Enfants HPI en Polynésie

Enfants HPI en Polynésie : un chercheur pointe le manque de formation des enseignants

Brèves Scolarité

Christian Tamarii est chercheur en sciences de l’éducation. A ce titre, il a rédigé une thèse sur les enfants HPI en Polynésie. Il y constate, notamment, le manque de formation des enseignants et des inégalités sociales pour la question de la détection.

Enfants HPI en Polynésie
Le docteur en sciences sociales Christian Tamarii, invité de TNTV, en Polynésie (DR : TNTV)

Sur son site Internet, TNTV retranscrit un entretien avec Christian Tamarii diffusé samedi 23 janvier 2021. Docteur en sciences de l’éducation, il a notamment rédigé une thèse sur les enfants à haut potentiel intellectuel (HPI) en Polynésie. Il y identifie, entre autres, un problème au niveau de la formation des enseignants sur la thématique dans l’archipel.

Christian Tamarii ne connaît pas le nombre exact d’enfants HPI en Polynésie. Il assure toutefois qu’il en a « trouvés dans tous les milieux sociaux, même dans les milieux défavorisés ». Le HPI, plutôt inné qu’acquis alors ? A confirmer.

Cependant, si le « rang » social n’influe, a priori, pas sur la possibilité du HPI, il conditionne néanmoins son identification. En effet, parmi les enfants HPI en Polynésie, certains passent entre les mailles du filet. En cause : le déficit de sensibilisation et de formation de leurs professeurs.

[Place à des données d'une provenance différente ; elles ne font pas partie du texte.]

(* Let $(R,d)$ be a differential ring having Property (P). (i) For any morphism $\varphi:M\to N$ of finite free differential modules over $R$, the kernel and cokernel of $\varphi$ (as differential modules) are again finite free; consequently the category of finite free differential modules over $R$ is an abelian subcategory of the category of differential modules over $R$. (ii) If $\varphi:M\to N$ is an injective morphism of finite free differential modules over $R$ and $M$, $N$ have the same rank, then $\varphi$ is an isomorphism. (iii) If $\varphi:M\to N$ is an injective morphism of finite free differential modules over $R$, then $\wedge^n\varphi:\wedge^nM\to\wedge^nN$ is injective for every $n\in\mathbb N$.
   Context: A differential ring is a commutative ring $R$ with a derivation $d$. A differential module over $R$ is an $R$-module $M$ with an additive map $D$ satisfying $D(rx)=d(r)x+rD(x)$; morphisms are $R$-linear maps commuting with $D$; it is finite free of rank $m$ if the underlying module is. Exterior powers carry $D(x_1\wedge\dots\wedge x_n)=\sum_i x_1\wedge\dots\wedge D(x_i)\wedge\dots\wedge x_n$. A ring is an elementary divisor ring if every matrix $A\in M_{m\times n}(R)$ can be brought, by multiplication by invertible matrices on both sides, to a diagonal matrix with diagonal entries $d_1\mid d_2\mid\dots\mid d_{\min(m,n)}$; an elementary divisor domain is such an integral domain. $R$ satisfies Condition (S) if every principal ideal $I$ with $d(I)\subset I$ is $(0)$ or $(1)$. Property (P): $R$ is an elementary divisor domain satisfying Condition (S). *)

theory Defs
  imports "Jordan_Normal_Form.Determinant"
begin

definition derivation :: "('a::comm_ring_1 \<Rightarrow> 'a) \<Rightarrow> bool" where
  "derivation d \<longleftrightarrow> (\<forall>a b. d (a + b) = d a + d b) \<and> (\<forall>a b. d (a * b) = d a * b + a * d b)"

definition elementary_divisor_ring :: "'a::comm_ring_1 itself \<Rightarrow> bool" where
  "elementary_divisor_ring _ \<longleftrightarrow>
     (\<forall>m n (A :: 'a mat). A \<in> carrier_mat m n \<longrightarrow>
        (\<exists>P Q. P \<in> carrier_mat m m \<and> invertible_mat P \<and>
               Q \<in> carrier_mat n n \<and> invertible_mat Q \<and>
               (\<forall>i<m. \<forall>j<n. i \<noteq> j \<longrightarrow> (P * A * Q) $$ (i, j) = 0) \<and>
               (\<forall>i. Suc i < min m n \<longrightarrow> (P * A * Q) $$ (i, i) dvd (P * A * Q) $$ (Suc i, Suc i))))"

Les conséquences de la méconnaissance

« Nous avons des psychologues uniquement dans les écoles publiques, observe le docteur en sciences de l’éducation. En revanche, les écoles protestantes et les écoles adventistes n’en ont pas. L’école catholique n’en a que deux pour des milliers d’enfants. Cela oblige les parents à aller voir le libéral. » Avec, pour conséquence, des dépenses élevées. Ce qui conduit les familles les plus modestes à faire une croix sur un éventuel test de Q.I.

Dans le cadre de son travail de recherche sur les enfants HPI en Polynésie, Christian Tamarii a également constaté l’absence d’une filière spécialisée en Polynésie. Malgré tout, « ce n’est pas une thématique totalement inconnue », dans l’archipel, précise le chercheur. Il observe, en effet, que certains enseignants s’intéressent au sujet. Et s’investissent pour le faire avancer localement.

Il semble que les constats de Christian Tamarii sur les enfants HPI en Polynésie s’appliquent également sur le reste du territoire français. En métropole, comme dans les outremers, les enseignants et le personnel des écoles méconnaissent encore trop le sujet. Une situation qui entraîne, au mieux des incompréhensions. Et, malheureusement, au pire, des conséquences dramatiques avec des problématiques de phobie scolaire et de dépression chez les enfants concernés (Lire sur La Revue du Zèbre).